Our common stock is a “penny stock” as defined under Rule 3a51-1 of the Exchange Act, and is, therefore, subject to SEC rules and regulations that impose limitations upon the manner in which our common stock can be publicly traded. Penny stocks generally are equity securities with a per share price of less than $5.00 (other than securities registered on some national securities exchanges). The penny stock rules require a broker-dealer, prior to a transaction in a penny stock not otherwise exempt from the rules, to deliver a standardized risk disclosure document that provides information about penny stocks and the nature and level of risks in the penny stock market. The broker-dealer also must provide the customer with current bid and offer quotations for the penny stock, the compensation of the broker-dealer and its salesperson in the transaction, and, if the broker-dealer is the sole market maker, the broker-dealer must disclose this fact and the broker-dealer’s presumed control over the market, and monthly account statements showing the market value of each penny stock held in the customer’s account. In addition, broker-dealers who sell these securities to persons other than established customers and “accredited investors” must make a special written determination that the penny stock is a suitable investment for the purchaser and receive the purchaser’s written agreement to the transaction. Consequently, these requirements may have the effect of reducing the level of trading activity, if any, of our common stock and reducing the liquidity of an investment in our common stock.

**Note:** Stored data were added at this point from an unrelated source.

definition arrow :: "'e set \<Rightarrow> ('e \<Rightarrow> 'v) \<Rightarrow> ('e \<Rightarrow> 'v) \<Rightarrow> 'e \<Rightarrow> 'e \<Rightarrow> bool" where
  "arrow E s t e e' \<longleftrightarrow> e \<noteq> e' \<and> (e, e') \<in> (edge_succ E s t)\<^sup>+"

text \<open>Planar order: a (reflexive) linear order P on E; strict part is x \<prec> y.\<close>
definition planar_order ::
  "'v set \<Rightarrow> 'e set \<Rightarrow> ('e \<Rightarrow> 'v) \<Rightarrow> ('e \<Rightarrow> 'v) \<Rightarrow> 'e rel \<Rightarrow> bool" where
  "planar_order V E s t P \<longleftrightarrow>
     linear_order_on E P \<and>
     (\<forall>e1\<in>E. \<forall>e2\<in>E. arrow E s t e1 e2 \<longrightarrow> (e1, e2) \<in> P \<and> e1 \<noteq> e2) \<and>
     (\<forall>e1\<in>E. \<forall>e2\<in>E. \<forall>e3\<in>E.
        (e1, e2) \<in> P \<and> e1 \<noteq> e2 \<and> (e2, e3) \<in> P \<and> e2 \<noteq> e3 \<and> arrow E s t e1 e3
        \<longrightarrow> arrow E s t e1 e2 \<or> arrow E s t e2 e3)"

definition pop_graph ::
  "'v set \<Rightarrow> 'e set \<Rightarrow> ('e \<Rightarrow> 'v) \<Rightarrow> ('e \<Rightarrow> 'v) \<Rightarrow> 'e rel \<Rightarrow> bool" where
  "pop_graph V E s t P \<longleftrightarrow> progressive_graph V E s t \<and> planar_order V E s t P"

definition ord_min :: "'e rel \<Rightarrow> 'e set \<Rightarrow> 'e" where
  "ord_min P S = (THE x. x \<in> S \<and> (\<forall>y\<in>S. (x, y) \<in> P))"

definition ord_max :: "'e rel \<Rightarrow> 'e set \<Rightarrow> 'e" where
  "ord_max P S = (THE x. x \<in> S \<and> (\<forall>y\<in>S. (y, x) \<in> P))"

definition i_minus where
  "i_minus V E s t P e = ord_min P {i \<in> input_edges V E s t. arrow E s t i e}"
definition i_plus where
  "i_plus V E s t P e = ord_max P {i \<in> input_edges V E s t. arrow E s t i e}"
definition o_minus where
  "o_minus V E s t P e = ord_min P {ou \<in> output_edges V E s t. arrow E s t e ou}"
definition o_plus where
  "o_plus V E s t P e = ord_max P {ou \<in> output_edges V E s t. arrow E s t e ou}"

end

theory Submission
  imports Defs
begin

text \<open>
  For a non-input edge e, the input edges i with i \<rightarrow> e form a nonempty set: walking
  backwards from e in the finite acyclic graph ends at an input edge. Let a and b be its
  \<prec>-least and \<prec>-greatest elements. If a \<prec> i \<prec> b for an input edge i, then i \<prec> b \<prec> e
  by (P1), so (P2) applied to a \<prec> i \<prec> e gives a \<rightarrow> i or i \<rightarrow> e, and a \<rightarrow> i is
  impossible because no edge enters an input edge. Reversing all edges and the order
  exchanges inputs with outputs and i-minus, i-plus with o-plus, o-minus, turning (1) into (2).
\<close>

lemma linear_order_on_finite_has_least:
  assumes lin: "linear_order_on E P" and "S \<subseteq> E" "finite S" "S \<noteq> {}"
  shows "\<exists>x\<in>S. \<forall>y\<in>S. (x, y) \<in> P"
  using assms(3,4,2)
proof (induction S rule: finite_ne_induct)
  case (singleton x)
  then show ?case using lin unfolding order_on_defs refl_on_def by auto
next
  case (insert a F)
  then obtain x where x: "x \<in> F" "\<forall>y\<in>F. (x, y) \<in> P" by auto
  have "a \<in> E" "x \<in> E" using x(1) insert.prems by auto
  moreover have "refl_on E P" "total_on E P" using lin unfolding order_on_defs by auto
  ultimately have "(a, a) \<in> P" and "(a, x) \<in> P \<or> (x, a) \<in> P"
    by (metis refl_onD totalp_onD totalp_on_total_on_eq)+
  from this(2) show ?case
  proof
    assume "(a, x) \<in> P"
    then have "\<forall>y\<in>F. (a, y) \<in> P"
      using x(2) lin unfolding order_on_defs by (meson transD)
    with \<open>(a, a) \<in> P\<close> show ?case by blast
  next
    assume "(x, a) \<in> P"
    with x show ?case by blast
  qed
qed

lemma ord_min_least:
  assumes lin: "linear_order_on E P" and "S \<subseteq> E" "finite S" "S \<noteq> {}"
  shows "ord_min P S \<in> S" "\<forall>y\<in>S. (ord_min P S, y) \<in> P"
proof -
  obtain x where x: "x \<in> S" "\<forall>y\<in>S. (x, y) \<in> P"
    using linear_order_on_finite_has_least[OF assms] by blast
  have "antisym P" using lin unfolding order_on_defs by auto
  then have "ord_min P S = x"
    unfolding ord_min_def using x by (blast intro: the_equality dest: antisymD)
  then show "ord_min P S \<in> S" "\<forall>y\<in>S. (ord_min P S, y) \<in> P" using x by simp_all
qed

lemma ord_max_eq_ord_min_converse: "ord_max P S = ord_min (P\<inverse>) S"
  unfolding ord_max_def ord_min_def by simp

lemma ord_max_greatest:
  assumes "linear_order_on E P" and "S \<subseteq> E" "finite S" "S \<noteq> {}"
  shows "ord_max P S \<in> S" "\<forall>y\<in>S. (y, ord_max P S) \<in> P"
  using ord_min_least[of E "P\<inverse>" S] assms
  by (simp_all add: ord_max_eq_ord_min_converse)

lemma vdeg_swap: "vdeg E t s v = vdeg E s t v"
  unfolding vdeg_def indeg_def outdeg_def by simp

Provisions of our certificate of incorporation, bylaws and Delaware law may make a contested takeover of us more difficult.
Certain provisions of our certificate of incorporation, bylaws and the General Corporation Law of the State of Delaware ("DGCL") could deter a change in our management or render more difficult an attempt to obtain control of us, even if such a proposal is favored by a majority of our stockholders. For example, we are subject to the provisions of the DGCL that prohibit a public Delaware corporation from engaging in a broad range of business combinations with a person who, together with affiliates and associates, owns 15% or more of the corporation’s outstanding voting shares (an "interested stockholder") for three years after the person became an interested stockholder, unless the business combination is approved in a prescribed manner. Our certificate of incorporation also includes undesignated preferred stock, which may enable our board of directors to discourage an attempt to obtain control of us by means of a tender offer, proxy contest, merger or otherwise. Finally, w
e are currently authorized to issue 2 billion shares of common stock. Our Board of Directors has the authority to issue a significant number of shares of our common stock without further stockholder approval.
Each of the foregoing may have an anti-takeover effect of delaying or preventing a change of control which may be beneficial to our stockholders.